section \<open>Boundedness of M_0\<close>

lemma nn_integral_M_zero_powr_le:
  fixes \<phi> :: "'a::euclidean_space set \<Rightarrow> real" and \<delta> :: real
  assumes p: "0 < p" and pos: "\<And>r. 0 < r \<Longrightarrow> 0 < \<phi> (ball 0 r)"
    and rd: "reverse_doubling_at_0 \<phi> Cr \<delta>" and \<delta>: "0 < \<delta>"
    and f: "f \<in> borel_measurable lebesgue" and w: "w \<in> borel_measurable lebesgue"
    and Nf: "LM_norm p \<phi> w (\<lambda>x. ennreal \<bar>f x\<bar>) < \<infinity>" and K: "A0_const p \<phi> w < \<infinity>"
    and fin: "\<And>r. 0 < r \<Longrightarrow> LM_norm p \<phi> w (indicator (ball 0 r)) < \<infinity>"
    and R: "0 < R"
  shows "(\<integral>\<^sup>+ x\<in>ball 0 R. enn_powr (M_zero f x) p * ennreal (w x) \<partial>lebesgue)
    \<le> enn_powr (ennreal (2 ^ DIM('a)) * (LM_norm p \<phi> w (\<lambda>x. ennreal \<bar>f x\<bar>) * A0_const p \<phi> w)) p
      * ennreal (Cr / (1 - 2 powr - (real DIM('a) * \<delta>)) * \<phi> (ball 0 R))"
proof -
  define C where "C = ennreal (2 ^ DIM('a)) * (LM_norm p \<phi> w (\<lambda>x. ennreal \<bar>f x\<bar>) * A0_const p \<phi> w)"
  define s where "s j = R / 2 ^ j" for j :: nat
  define A where "A j = ball (0::'a) (s j) - ball 0 (s j / 2)" for j
  define G where "G x = enn_powr (M_zero f x) p * ennreal (w x)" for x
  note [measurable] = f w
  have s: "0 < s j" for j
    unfolding s_def using R by simp
  have [measurable]: "A j \<in> sets lebesgue" for j
    unfolding A_def by measurable
  have [measurable]: "G \<in> borel_measurable lebesgue"
    unfolding G_def by measurable
  have "(\<integral>\<^sup>+ x\<in>ball 0 R. G x \<partial>lebesgue) \<le> (\<Sum>j. \<integral>\<^sup>+ x\<in>A j. G x \<partial>lebesgue)"
    unfolding A_def s_def by (rule set_nn_integral_ball_le_suminf_annuli) measurable
  also have "\<dots> \<le> (\<Sum>j. enn_powr C p * ennreal (\<phi> (ball 0 (s j))))"
  proof (intro suminf_le summableI)
    fix j
    define L where "L = LM_norm p \<phi> w (indicator (ball (0::'a) (s j)))"
    show "(\<integral>\<^sup>+ x\<in>A j. G x \<partial>lebesgue) \<le> enn_powr C p * ennreal (\<phi> (ball 0 (s j)))"
      unfolding G_def
    proof (rule set_nn_integral_mult_le[where a = "enn_powr L p"])
      show "enn_powr L p * enn_powr (M_zero f x) p \<le> enn_powr C p" if "x \<in> A j" for x
        unfolding enn_powr_mult[symmetric] L_def C_def using that p
        by (intro enn_powr_mono LM_norm_indicator_mult_M_zero_le[OF p f w Nf K]) (auto simp: A_def)
      have "(\<integral>\<^sup>+ x\<in>A j. ennreal (w x) \<partial>lebesgue) \<le> (\<integral>\<^sup>+ x\<in>ball 0 (s j). ennreal (w x) \<partial>lebesgue)"
        by (intro nn_integral_mono) (auto simp: A_def indicator_def)
      then show "(\<integral>\<^sup>+ x\<in>A j. ennreal (w x) \<partial>lebesgue) \<le> enn_powr L p * ennreal (\<phi> (ball 0 (s j)))"
        unfolding L_def using set_nn_integral_weight_ball_le[where \<phi> = \<phi> and w = w, OF p s pos[OF s]] by (rule order_trans)
      show "enn_powr L p \<noteq> \<infinity>"
        using fin[OF s] by (simp add: L_def less_top)
    qed (simp_all add: w)
  qed
  also have "\<dots> = enn_powr C p * (\<Sum>j. ennreal (\<phi> (ball 0 (s j))))"
    by simp
  also have "\<dots> \<le> enn_powr C p * ennreal (Cr / (1 - 2 powr - (real DIM('a) * \<delta>)) * \<phi> (ball 0 R))"
    unfolding s_def by (intro mult_left_mono suminf_phi_ball_dyadic_le[OF pos rd \<delta> R] zero_le)
  finally show ?thesis
    unfolding G_def C_def .
qed

lemma LM_norm_M_zero_le:
  fixes \<phi> :: "'a::euclidean_space set \<Rightarrow> real" and \<delta> :: real
  assumes p: "0 < p" and pos: "\<And>r. 0 < r \<Longrightarrow> 0 < \<phi> (ball 0 r)"
    and rd: "reverse_doubling_at_0 \<phi> Cr \<delta>" and \<delta>: "0 < \<delta>"
    and f: "f \<in> borel_measurable lebesgue" and w: "w \<in> borel_measurable lebesgue"
    and Nf: "LM_norm p \<phi> w (\<lambda>x. ennreal \<bar>f x\<bar>) < \<infinity>" and K: "A0_const p \<phi> w < \<infinity>"
    and fin: "\<And>r. 0 < r \<Longrightarrow> LM_norm p \<phi> w (indicator (ball 0 r)) < \<infinity>"
  shows "LM_norm p \<phi> w (M_zero f)
    \<le> ennreal (2 ^ DIM('a) * (Cr / (1 - 2 powr - (real DIM('a) * \<delta>))) powr (1 / p))
      * A0_const p \<phi> w * LM_norm p \<phi> w (\<lambda>x. ennreal \<bar>f x\<bar>)"
proof -
  define Cq where "Cq = Cr / (1 - 2 powr - (real DIM('a) * \<delta>))"
  define C where "C = ennreal (2 ^ DIM('a)) * (LM_norm p \<phi> w (\<lambda>x. ennreal \<bar>f x\<bar>) * A0_const p \<phi> w)"
  have Cq: "0 \<le> Cq"
    using reverse_doubling_const_ge_1[OF pos rd] \<delta> powr_less_one[of 2 "- (real DIM('a) * \<delta>)"]
    by (simp add: Cq_def)
  have "(SUP R\<in>{0<..}. (\<integral>\<^sup>+ x\<in>ball 0 R. enn_powr (M_zero f x) p * ennreal (w x) \<partial>lebesgue)
      / ennreal (\<phi> (ball 0 R))) \<le> enn_powr C p * ennreal Cq"
  proof (rule SUP_least)
    fix R :: real assume "R \<in> {0<..}"
    then have R: "0 < R" by simp
    have "(\<integral>\<^sup>+ x\<in>ball 0 R. enn_powr (M_zero f x) p * ennreal (w x) \<partial>lebesgue) / ennreal (\<phi> (ball 0 R))
        \<le> enn_powr C p * ennreal (Cq * \<phi> (ball 0 R)) / ennreal (\<phi> (ball 0 R))"
      unfolding Cq_def C_def
      by (intro divide_right_mono_ennreal nn_integral_M_zero_powr_le[OF p pos rd \<delta> f w Nf K fin R])
    also have "\<dots> = enn_powr C p * ennreal Cq"
      using Cq pos[OF R] by (simp add: ennreal_mult mult_divide_eq_ennreal flip: mult.assoc)
    finally show "(\<integral>\<^sup>+ x\<in>ball 0 R. enn_powr (M_zero f x) p * ennreal (w x) \<partial>lebesgue)
        / ennreal (\<phi> (ball 0 R)) \<le> enn_powr C p * ennreal Cq" .
  qed
  then have "LM_norm p \<phi> w (M_zero f) \<le> enn_powr (enn_powr C p * ennreal Cq) (1 / p)"
    unfolding LM_norm_def using p by (intro enn_powr_mono) auto
  also have "\<dots> = C * ennreal (Cq powr (1 / p))"
    unfolding enn_powr_mult enn_powr_powr_inverse[OF p] enn_powr_ennreal[OF Cq] ..
  also have "\<dots> = ennreal (2 ^ DIM('a) * Cq powr (1 / p)) * A0_const p \<phi> w * LM_norm p \<phi> w (\<lambda>x. ennreal \<bar>f x\<bar>)"
  proof -
    have "ennreal (2 ^ DIM('a) * Cq powr (1 / p)) = ennreal (2 ^ DIM('a)) * ennreal (Cq powr (1 / p))"
      by (rule ennreal_mult) auto
    then show ?thesis
      unfolding C_def by (simp only: mult_ac)
  qed
  finally show ?thesis
    unfolding Cq_def .
qed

============================================================

The answer should be nothing but the number of lines in this data that include "shows".

* [The completed task]:
2